[Saved entries]
lemma trace_shifted_comb_product:
  assumes k: "k \<le> K"
  shows "(\<Sum>a<d. matmul d (\<lambda>a b. (if a = b then complex_of_real c1 else 0) + clifford_comb G k y a b)
                          (\<lambda>a b. (if a = b then complex_of_real c2 else 0) + clifford_comb G k z a b) a a)
       = of_nat d * complex_of_real (c1 * c2 + (\<Sum>t<k. y t * z t))"
proof -
  let ?M = "clifford_comb G k y" and ?N = "clifford_comb G k z"
  have diag: "matmul d (\<lambda>a b. (if a = b then complex_of_real c1 else 0) + ?M a b)
                       (\<lambda>a b. (if a = b then complex_of_real c2 else 0) + ?N a b) a a
      = complex_of_real (c1 * c2) + complex_of_real c1 * ?N a a + complex_of_real c2 * ?M a a
        + matmul d ?M ?N a a" if a: "a < d" for a
  proof -
    have "matmul d (\<lambda>a b. (if a = b then complex_of_real c1 else 0) + ?M a b)
                   (\<lambda>a b. (if a = b then complex_of_real c2 else 0) + ?N a b) a a
        = (\<Sum>b<d. if a = b then complex_of_real (c1 * c2) + complex_of_real c1 * ?N a a
                                  + complex_of_real c2 * ?M a a else 0)
          + matmul d ?M ?N a a"
      unfolding matmul_def sum.distrib[symmetric] by (intro sum.cong refl) (auto simp: algebra_simps)
    then show ?thesis using a by simp
  qed
  have "2 * (\<Sum>a<d. matmul d ?M ?N a a) = (\<Sum>a<d. matmul d ?M ?N a a + matmul d ?N ?M a a)"
    using trace_matmul_commute[of d ?M ?N] by (simp add: sum.distrib)
  also have "\<dots> = of_nat d * (2 * complex_of_real (\<Sum>t<k. y t * z t))"
    using anticommute_clifford_comb[OF k] by simp
  finally have off_diag: "(\<Sum>a<d. matmul d ?M ?N a a) = of_nat d * complex_of_real (\<Sum>t<k. y t * z t)"
    by simp
  have "(\<Sum>a<d. matmul d (\<lambda>a b. (if a = b then complex_of_real c1 else 0) + ?M a b)
                       (\<lambda>a b. (if a = b then complex_of_real c2 else 0) + ?N a b) a a)
      = of_nat d * complex_of_real (c1 * c2) + complex_of_real c1 * (\<Sum>a<d. ?N a a)
        + complex_of_real c2 * (\<Sum>a<d. ?M a a) + (\<Sum>a<d. matmul d ?M ?N a a)"
    using diag by (simp add: sum.distrib sum_distrib_left)
  then show ?thesis
    unfolding trace_clifford_comb[OF k] off_diag by (simp add: algebra_simps)
qed

end

definition lorentz_rep ::
    "(nat \<Rightarrow> nat \<Rightarrow> nat \<Rightarrow> complex) \<Rightarrow> nat \<Rightarrow> nat \<Rightarrow> real \<Rightarrow> (nat \<Rightarrow> real) \<Rightarrow> complex mat"
  where "lorentz_rep G d k c y = mat d d (\<lambda>(a, b).
           ((if a = b then complex_of_real c else 0) + clifford_comb G k y a b) / sqrt (real d))"

context clifford_system
begin

lemma herm_psd_lorentz_rep:
  assumes k: "k \<le> K" and cone: "sqrt (\<Sum>t<k. (y t)\<^sup>2) \<le> c"
  shows "herm_psd d (lorentz_rep G d k c y)"
  unfolding herm_psd_def
proof (intro conjI allI impI ballI)
  show "lorentz_rep G d k c y \<in> carrier_mat d d" unfolding lorentz_rep_def by simp
  fix a b assume "a < d" "b < d"
  then show "lorentz_rep G d k c y $$ (a, b) = cnj (lorentz_rep G d k c y $$ (b, a))"
    using hermitian_clifford_comb[where G = G and k = k and y = y, OF hermitian_G]
    unfolding lorentz_rep_def hermitian_def by auto
next
  fix v :: "complex vec"
  let ?N = "\<lambda>a b. (if a = b then complex_of_real c else 0) + clifford_comb G k y a b"
  let ?s = "sqrt (\<Sum>t<k. (y t)\<^sup>2)"
  have square: "matmul d (clifford_comb G k y) (clifford_comb G k y) a e
      = (if a = e then complex_of_real (?s\<^sup>2) else 0)" if "a < d" "e < d" for a e
    using square_clifford_comb[OF k that] by (simp add: sum_nonneg)
  have "0 \<le> Re (\<Sum>a<d. \<Sum>b<d. cnj (v $ a) * ?N a b * v $ b)"
    by (rule quadratic_form_shift_nonneg[where v = "\<lambda>a. v $ a",
          OF hermitian_clifford_comb[OF hermitian_G] square _ cone]) (simp_all add: sum_nonneg)
  moreover have "(\<Sum>a<d. \<Sum>b<d. cnj (v $ a) * lorentz_rep G d k c y $$ (a, b) * v $ b)
      = (\<Sum>a<d. \<Sum>b<d. cnj (v $ a) * ?N a b * v $ b) / sqrt (real d)"
    unfolding lorentz_rep_def by (simp add: sum_divide_distrib)
  ultimately show "0 \<le> Re (\<Sum>a<d. \<Sum>b<d. cnj (v $ a) * lorentz_rep G d k c y $$ (a, b) * v $ b)"
    using d_pos by (simp add: Re_divide_of_real)
qed

lemma trace_lorentz_rep_product:
  assumes k: "k \<le> K"
  shows "(\<Sum>a<d. (lorentz_rep G d k c1 y * lorentz_rep G d k c2 z) $$ (a, a))
       = complex_of_real (c1 * c2 + (\<Sum>t<k. y t * z t))"
proof -
  have sqrt_sq: "complex_of_real (sqrt (real d)) * complex_of_real (sqrt (real d)) = of_nat d"
    unfolding of_real_mult[symmetric] by simp
  have "(\<Sum>a<d. (lorentz_rep G d k c1 y * lorentz_rep G d k c2 z) $$ (a, a))
      = (\<Sum>a<d. \<Sum>b<d. ((if a = b then complex_of_real c1 else 0) + clifford_comb G k y a b)
                     * ((if b = a then complex_of_real c2 else 0) + clifford_comb G k z b a)
          / (complex_of_real (sqrt (real d)) * complex_of_real (sqrt (real d))))"
    unfolding lorentz_rep_def by (simp add: scalar_prod_def atLeast0LessThan)
  also have "\<dots> = (\<Sum>a<d. matmul d (\<lambda>a b. (if a = b then complex_of_real c1 else 0) + clifford_comb G k y a b)
                         (\<lambda>a b. (if a = b then complex_of_real c2 else 0) + clifford_comb G k z a b) a a)
        / of_nat d"
    unfolding sqrt_sq matmul_def by (simp add: sum_divide_distrib)
  also have "\<dots> = complex_of_real (c1 * c2 + (\<Sum>t<k. y t * z t))"
    unfolding trace_shifted_comb_product[OF k] using d_pos by simp
  finally show ?thesis .
qed

end

theorem theorem4p8:
  fixes n :: nat and X :: "real mat"
  assumes "gram_lorentz n X"
  shows "cpsd n X \<and> cpsd_rank n X \<le> 2 ^ ((vec_space.rank n X + 1) div 2)"
proof -
  let ?r = "vec_space.rank n X"
  define p where "p = (?r + 1) div 2"
  obtain c y where X_eq: "\<And>i j. i < n \<Longrightarrow> j < n \<Longrightarrow> X $$ (i, j) = c i * c j + (\<Sum>t<?r. y i t * y j t)"
    and cone: "\<And>i. i < n \<Longrightarrow> sqrt (\<Sum>t<?r. (y i t)\<^sup>2) \<le> c i"
    by (rule gram_lorentz_decomposition[OF assms]) (rule that)
  interpret clifford_system "clifford_gen p" "2 ^ p" "2 * p"
    by (rule clifford_system_clifford_gen)
  have r: "?r \<le> 2 * p" unfolding p_def by simp
  have factor: "cpsd_factor n (2 ^ p) X"
    unfolding cpsd_factor_def
    using herm_psd_lorentz_rep[OF r cone] trace_lorentz_rep_product[OF r] X_eq
    by (intro conjI exI[of _ "\<lambda>i. lorentz_rep (clifford_gen p) (2 ^ p) ?r (c i) (y i)"] allI impI) simp_all
  have "cpsd_rank n X \<le> 2 ^ p"
    unfolding cpsd_rank_def by (rule Least_le) (rule factor)
  moreover have "X \<in> carrier_mat n n" using assms unfolding gram_lorentz_def by blast
  ultimately show ?thesis
    using factor unfolding cpsd_def p_def by blast
qed

end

• _Work item_
Using the entries shown above, reproduce verbatim the lines from the line bearing "(complex_of_real (sqrt (real" to the line bearing "unfolding trace_shifted_comb_product[OF k]", inclusive.

• _Reply_
          / (complex_of_real (sqrt (real d)) * complex_of_real (sqrt (real d))))"
    unfolding lorentz_rep_def by (simp add: scalar_prod_def atLeast0LessThan)
  also have "\<dots> = (\<Sum>a<d. matmul d (\<lambda>a b. (if a = b then complex_of_real c1 else 0) + clifford_comb G k y a b)
                         (\<lambda>a b. (if a = b then complex_of_real c2 else 0) + clifford_comb G k z a b) a a)
        / of_nat d"
    unfolding sqrt_sq matmul_def by (simp add: sum_divide_distrib)
  also have "\<dots> = complex_of_real (c1 * c2 + (\<Sum>t<k. y t * z t))"
    unfolding trace_shifted_comb_product[OF k] using d_pos by simp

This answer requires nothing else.